Choosing a statue of a woman to replace Columbus could appeal to feminists, while supporting Mr. López Obrador’s indigenous rhetoric, said Valeria Moy, director of the Center of Public Policy Research, a Mexican think tank.

“She’s trying to please everyone, especially her president,” Ms Moy said. “From a political point of view, the choice of the statue seems like a good decision.”

But not everyone was happy on either side of the cultural divide.

“They are focusing on the statue, not focusing on the rights of the women who are alive,” said Fatima Gamboa, an activist with the Indigenous Lawyer Network, a Mexican advocacy group.

Ms. Gamboa, a member of the indigenous Maya people, said a gesture celebrating Mexico’s indigenous heritage did little to improve the precarious socio-economic conditions and discrimination that many indigenous women still suffer from.

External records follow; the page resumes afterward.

lemma list_update_last_fill:
  assumes a: "a \<in> fills" and y: "0 < y" "y < n"
  shows "a[k-1 := y] \<in> fills"
proof -
  obtain m where m: "1 \<le> m" "m \<le> k-p" and a_HV: "a \<in> HV n k"
    and a_before: "\<forall>j<p. a!j = v!j" and a_zero: "\<forall>j. p \<le> j \<longrightarrow> j < k-m \<longrightarrow> a!j = 0"
    and a_tail: "\<forall>j. k-m \<le> j \<longrightarrow> j < k \<longrightarrow> a!j \<noteq> 0"
    using a by (rule fills_cases)
  have length_a: "length a = k" and a_less: "\<forall>j<k. a!j < n"
    using a_HV unfolding HV_iff_nth by auto
  have nth_eq: "a[k-1 := y] ! j = (if j = k-1 then y else a!j)" for j
    using length_a p_less by (auto simp: nth_list_update)
  have "a[k-1 := y] \<in> tail_fills m"
    unfolding tail_fills_def HV_iff_nth
  proof (intro CollectI conjI allI impI)
    show "length (a[k-1 := y]) = k"
      using length_a by simp
    fix j
    show "j < k \<Longrightarrow> a[k-1 := y] ! j < n"
      using nth_eq[of j] y a_less by auto
    show "j < p \<Longrightarrow> a[k-1 := y] ! j = v!j"
      using nth_eq[of j] a_before p_less by auto
    show "p \<le> j \<Longrightarrow> j < k-m \<Longrightarrow> a[k-1 := y] ! j = 0"
      using nth_eq[of j] a_zero m by auto
    show "k-m \<le> j \<Longrightarrow> j < k \<Longrightarrow> a[k-1 := y] ! j \<noteq> 0"
      using nth_eq[of j] a_tail y by auto
  qed
  then show ?thesis
    unfolding fills_def using m by (intro UN_I[of m]) auto
qed

lemma Hadj_fill:
  assumes a: "a \<in> fills"
  shows "{b \<in> Hnbrs n k v. Hadj n k a b} = (\<lambda>y. a[k-1 := y]) ` ({1..<n} - {a!(k-1)})"
proof (intro set_eqI iffI)
  have length_a: "length a = k"
    using a fills_subset_Hnbrs unfolding Hnbrs_def by (auto simp: HV_iff_nth)
  fix b assume "b \<in> {b \<in> Hnbrs n k v. Hadj n k a b}"
  then have b: "b \<in> Hnbrs n k v" "Hadj n k a b" by auto
  moreover have "b \<notin> siblings"
    using not_Hadj_sibling_fill[OF _ a] Hadj_sym[OF b(2)] by auto
  ultimately have "b \<in> fills"
    unfolding Hnbrs_eq by auto
  then have b_last: "b!(k-1) \<noteq> 0"
    by (rule fill_last)
  have length_b: "length b = k" and b_less: "b!(k-1) < n"
    using b p_less unfolding Hadj_iff_nth HV_iff_nth by auto
  have "R1_nth k a b"
    using b(2) R2_nth_last[of k a b] R2_nth_last[of k b a] R3_nth_last[of k a b] fill_last[OF a] b_last
    unfolding Hadj_iff_nth by auto
  then have "b = a[k-1 := b!(k-1)]" and "b!(k-1) \<noteq> a!(k-1)"
    unfolding R1_nth_def using length_a length_b
    by (auto intro!: nth_equalityI simp: nth_list_update)
  then show "b \<in> (\<lambda>y. a[k-1 := y]) ` ({1..<n} - {a!(k-1)})"
    using b_last b_less by (intro image_eqI) auto
next
  have a_HV: "a \<in> HV n k" and length_a: "length a = k"
    using a fills_subset_Hnbrs unfolding Hnbrs_def by (auto simp: HV_iff_nth)
  fix b assume "b \<in> (\<lambda>y. a[k-1 := y]) ` ({1..<n} - {a!(k-1)})"
  then obtain y where "y \<in> {1..<n} - {a!(k-1)}" and b: "b = a[k-1 := y]"
    by blast
  then have y: "0 < y" "y < n" "y \<noteq> a!(k-1)"
    by auto
  have "b!(k-1) = y" "\<forall>j<k-1. b!j = a!j"
    unfolding b using length_a p_less by auto
  then have "R1_nth k a b" "a \<noteq> b"
    unfolding R1_nth_def using y by auto
  moreover have "b \<in> Hnbrs n k v"
    unfolding b using list_update_last_fill[OF a y(1,2)] fills_subset_Hnbrs by auto
  ultimately show "b \<in> {b \<in> Hnbrs n k v. Hadj n k a b}"
    using a_HV unfolding Hnbrs_def Hadj_iff_nth by auto
qed
lemma ext_set_obtain_agreeing:
  assumes "f \<in> ext_set A Q H R"
  shows "\<exists>h\<in>H. \<forall>x\<in>R. h x = f x"
proof -
  obtain h where "h \<in> H" "restrict f R = restrict h R"
    using assms unfolding ext_set_def restr_set_def by auto
  then show ?thesis by (metis restrict_apply')
qed

lemma three_in_card_two:
  assumes "finite B" "card B = 2" "a \<in> B" "b \<in> B" "c \<in> B"
  shows "a = b \<or> a = c \<or> b = c"
proof (rule ccontr)
  assume "\<not> ?thesis"
  then have "card {a, b, c} = 3" by simp
  moreover have "card {a, b, c} \<le> card B"
    by (rule card_mono[OF assms(1)]) (simp add: assms(3-5))
  ultimately show False using assms(2) by simp
qed

text \<open>
  \<open>locally_in A Q H S f\<close> says that \<open>f|\<^sub>R \<in> H|\<^sub>R\<close> for the traces \<open>R \<inter> S\<close> of all pieces \<open>R\<close> of the
  decomposition in the theorem.
\<close>

definition locally_in :: "'a set \<Rightarrow> 'q set \<Rightarrow> ('q \<Rightarrow> 'a) set \<Rightarrow> 'q set \<Rightarrow> ('q \<Rightarrow> 'a) \<Rightarrow> bool" where
  "locally_in A Q H S f \<longleftrightarrow> (\<forall>q\<in>S. \<exists>h\<in>H. h q = f q)
     \<and> (\<forall>p\<in>S. \<forall>q\<in>S. (\<forall>h\<in>H. h p = h q) \<longrightarrow> f p = f q)
     \<and> (\<forall>B\<in>ksubsets A 2. \<exists>h\<in>H. \<forall>x\<in>QB Q H B \<inter> S. h x = f x)"

lemma locally_in_mono: "locally_in A Q H S f \<Longrightarrow> S' \<subseteq> S \<Longrightarrow> locally_in A Q H S' f"
  unfolding locally_in_def by blast

lemma not_realized_deletion_value:
  assumes "\<not> (\<exists>h\<in>H. \<forall>x\<in>S. h x = f x)" "h \<in> H" "\<forall>x\<in>S-{p}. h x = f x"
  shows "h p \<noteq> f p"
  using assms by (metis Diff_iff singletonD)

locale Delta2_relation =
  fixes A :: "'a set" and Q :: "'q set" and H :: "('q \<Rightarrow> 'a) set"
    and F :: "(nat \<times> ((nat \<Rightarrow> 'a) \<Rightarrow> 'a)) set"
  assumes H_sub: "H \<subseteq> Q \<rightarrow>\<^sub>E A" and H_inv: "H \<in> Inv A Q F" and Delta2: "Delta2 A F"
    and H_nonempty: "H \<noteq> {}"
begin

lemma H_value_in_A: "h \<in> H \<Longrightarrow> x \<in> Q \<Longrightarrow> h x \<in> A"
  using H_sub by (auto simp: PiE_iff)

lemma Delta2_combine:
  assumes h1: "h1 \<in> H" and h2: "h2 \<in> H" and p: "p \<in> Q" and q: "q \<in> Q"
    and ne: "h1 p \<noteq> h2 p" "h1 q \<noteq> h2 q" "{h1 p, h2 p} \<noteq> {h1 q, h2 q}"
    and a: "a \<in> {h1 p, h2 p}" and b: "b \<in> {h1 q, h2 q}"
  shows "\<exists>h\<in>H. h p = a \<and> h q = b \<and> (\<forall>x\<in>Q. h1 x = h2 x \<longrightarrow> h x = h1 x)"
proof -
  have "h1 p \<in> A" "h2 p \<in> A" "h1 q \<in> A" "h2 q \<in> A"
    using H_value_in_A h1 h2 p q by auto
  then obtain w where w: "w \<in> arity_part F 2" "w (tup2 (h1 p) (h2 p)) = a"
      "w (tup2 (h1 q) (h2 q)) = b" "\<forall>x\<in>A. w (tup2 x x) = x"
    using Delta2 ne a b unfolding Delta2_def by blast
  define h where "h = apply_op Q 2 w (\<lambda>i. if i = 0 then h1 else h2)"
  have "h \<in> H"
    unfolding h_def using Inv_apply_op[OF H_inv, of 2 w] w(1) h1 h2 unfolding arity_part_def by auto
  moreover have val: "h x = w (tup2 (h1 x) (h2 x))" if "x \<in> Q" for x
    using that unfolding h_def apply_op_def tup2_def
    by (auto intro!: arg_cong[where f=w] restrict_ext)
  moreover have "h x = h1 x" if "x \<in> Q" "h1 x = h2 x" for x
    using val[OF that(1)] that w(4) H_value_in_A[OF h1 that(1)] by simp
  ultimately show ?thesis using val[OF p] val[OF q] w(2,3) by blast
qed

lemma Delta2_combine_constant:
  assumes e: "e \<in> H" "e r \<noteq> e p" and d: "d \<in> H" "d r = z" "d p = z"
    and "r \<in> Q" "p \<in> Q" "z \<noteq> e r" "z \<noteq> e p"
  shows "(\<exists>h\<in>H. h r = e r \<and> h p = z) \<and> (\<exists>h\<in>H. h r = z \<and> h p = e p)"
proof -
  have "{e r, d r} \<noteq> {e p, d p}" using assms by (auto simp: doubleton_eq_iff)
  then show ?thesis
    using Delta2_combine[OF e(1) d(1) \<open>r \<in> Q\<close> \<open>p \<in> Q\<close>, of "e r" "d p"]
      Delta2_combine[OF e(1) d(1) \<open>r \<in> Q\<close> \<open>p \<in> Q\<close>, of "d r" "e p"] assms by auto
qed

lemma Delta2_pair_from_constants:
  assumes rQ: "r \<in> Q" and pQ: "p \<in> Q"
    and da: "da \<in> H" "da r = a" "da p = a"
    and db: "db \<in> H" "db r = b" "db p = b"
    and dc: "dc \<in> H" "dc r = c" "dc p = c"
    and e: "e \<in> H" "e r \<noteq> e p" and abc: "a \<noteq> b" "a \<noteq> c" "b \<noteq> c"
  shows "\<exists>h\<in>H. h r = a \<and> h p = b"
proof -
  have "\<exists>e'\<in>H. e' r = a \<and> e' p \<noteq> a"
  proof (cases "e r = a")
    case True then show ?thesis using e by auto
  next
    case ra: False
    show ?thesis
    proof (cases "e p = a")
      case False
      then show ?thesis using Delta2_combine_constant[OF e da rQ pQ] ra by auto
    next
      case pa: True
      obtain z dz where z: "dz \<in> H" "dz r = z" "dz p = z" "z \<noteq> e r" "z \<noteq> a"
        using db dc abc by metis
      obtain h1 where h1: "h1 \<in> H" "h1 r = e r" "h1 p = z"
        using Delta2_combine_constant[OF e z(1-3) rQ pQ] z pa by auto
      then show ?thesis
        using Delta2_combine_constant[OF h1(1) _ da rQ pQ] z ra by auto
    qed
  qed
  then obtain e' where e': "e' \<in> H" "e' r = a" "e' p \<noteq> a" by blast
  show ?thesis
  proof (cases "e' p = b")
    case True then show ?thesis using e' by auto
  next
    case False
    then show ?thesis using Delta2_combine_constant[OF e'(1) _ db rQ pQ] e' abc by auto
  qed
qed

text \<open>
  If \<open>f\<close> is not realised on \<open>S\<close> but \<open>h\<^sub>1\<close>, \<open>h\<^sub>2\<close> realise it off \<open>p\<close> and off \<open>q\<close>, then
  \<open>(h\<^sub>1, h\<^sub>2)\<close> takes the pairs \<open>(h\<^sub>1 p, f p)\<close> and \<open>(f q, h\<^sub>2 q)\<close> at \<open>p\<close> and \<open>q\<close>; if their ranges
  differed, \<open>\<Delta>\<^sup>2\<close> would combine \<open>h\<^sub>1, h\<^sub>2\<close> into an element realising \<open>f\<close> on \<open>S\<close>.
\<close>

lemma deletion_pairs_eq:
  assumes SQ: "S \<subseteq> Q" and "p \<in> S" "q \<in> S" "p \<noteq> q" and h1: "h1 \<in> H" and h2: "h2 \<in> H"
    and agree1: "\<forall>x\<in>S-{p}. h1 x = f x" and agree2: "\<forall>x\<in>S-{q}. h2 x = f x"
    and N: "\<not> (\<exists>h\<in>H. \<forall>x\<in>S. h x = f x)"
  shows "{h1 p, f p} = {h2 q, f q}"
proof (rule ccontr)
  assume ne: "{h1 p, f p} \<noteq> {h2 q, f q}"
  have "h1 p \<noteq> f p" "h2 q \<noteq> f q"
    using not_realized_deletion_value[OF N] h1 h2 agree1 agree2 by auto
  moreover have "h2 p = f p" "h1 q = f q" using assms by auto
  moreover have "p \<in> Q" "q \<in> Q" using assms by auto
  ultimately obtain h where h: "h \<in> H" "h p = f p" "h q = f q"
      "\<forall>x\<in>Q. h1 x = h2 x \<longrightarrow> h x = h1 x"
    using Delta2_combine[OF h1 h2, of p q "f p" "f q"] ne by (auto simp: insert_commute)
  have "\<forall>x\<in>S. h x = f x"
    using h agree1 agree2 SQ by (metis Diff_iff insertE singletonD subsetD)
  with N h(1) show False by blast
qed

end

locale minimal_counterexample = Delta2_relation +
  fixes S :: "'q set" and f :: "'q \<Rightarrow> 'a"
  assumes S_sub: "S \<subseteq> Q" and f_local: "locally_in A Q H S f"
    and f_not_realized: "\<not> (\<exists>h\<in>H. \<forall>x\<in>S. h x = f x)"
    and minimal: "\<And>S' f'. S' \<subset> S \<Longrightarrow> locally_in A Q H S' f' \<Longrightarrow> \<exists>h\<in>H. \<forall>x\<in>S'. h x = f' x"
begin

lemma f_pointwise: "q \<in> S \<Longrightarrow> \<exists>h\<in>H. h q = f q"
  using f_local unfolding locally_in_def by blast

lemma f_respects_identified: "p \<in> S \<Longrightarrow> q \<in> S \<Longrightarrow> \<forall>h\<in>H. h p = h q \<Longrightarrow> f p = f q"
  using f_local unfolding locally_in_def by blast

lemma f_in_A: "x \<in> S \<Longrightarrow> f x \<in> A"
  using f_pointwise H_value_in_A S_sub by (metis subsetD)

lemma two_points: obtains p q where "p \<in> S" "q \<in> S" "p \<noteq> q"
proof -
  have "S \<noteq> {}" using f_not_realized H_nonempty by blast
  then obtain p where p: "p \<in> S" by blast
  moreover have "S \<noteq> {p}" using f_not_realized f_pointwise[OF p] by auto
  ultimately show ?thesis using that by blast
qed

lemma other_point:
  assumes "r \<in> S" obtains p where "p \<in> S" "p \<noteq> r"
  using two_points by metis

lemma deletion_witness: "p \<in> S \<Longrightarrow> \<exists>h\<in>H. \<forall>x\<in>S-{p}. h x = f x"
  using minimal[of "S - {p}" f] locally_in_mono[OF f_local] by blast

lemma deletion_value: "p \<in> S \<Longrightarrow> h \<in> H \<Longrightarrow> \<forall>x\<in>S-{p}. h x = f x \<Longrightarrow> h p \<noteq> f p"
  using not_realized_deletion_value[OF f_not_realized] by blast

A former conservative president of Mexico, Felipe Calderón, said the monument to Columbus was a valuable part of Mexico’s artistic and historical heritage and disagreed with its replacement.

“Removing it, mutilating it is a crime,” he wrote on Twitter last month, when the Mexico City government first announced plans to replace it with an indigenous symbol. “In other words, they’re stealing it from Mexico City, its people, and all Mexicans.”

The statue’s replacement reflects a wider debate across the Americas over the legacy of Christopher Columbus and other early European explorers, with many saying their arrival led to destruction and exploitation.

In Guatemala this week, protesters attempted to dismantle a statue of Christopher Columbus. In Colombia and Chile in recent years, protesters have vandalized or toppled monuments commemorating Spanish conquerors like Sebastián de Belalcázar or Pedro de Valdivia. And in the United States last year, protesters in states including Minnesota, Massachusetts and Virginia damaged or tore down statues representing Columbus after protests over the police killing of George Floyd in Minneapolis sparked an uproar. review of monuments.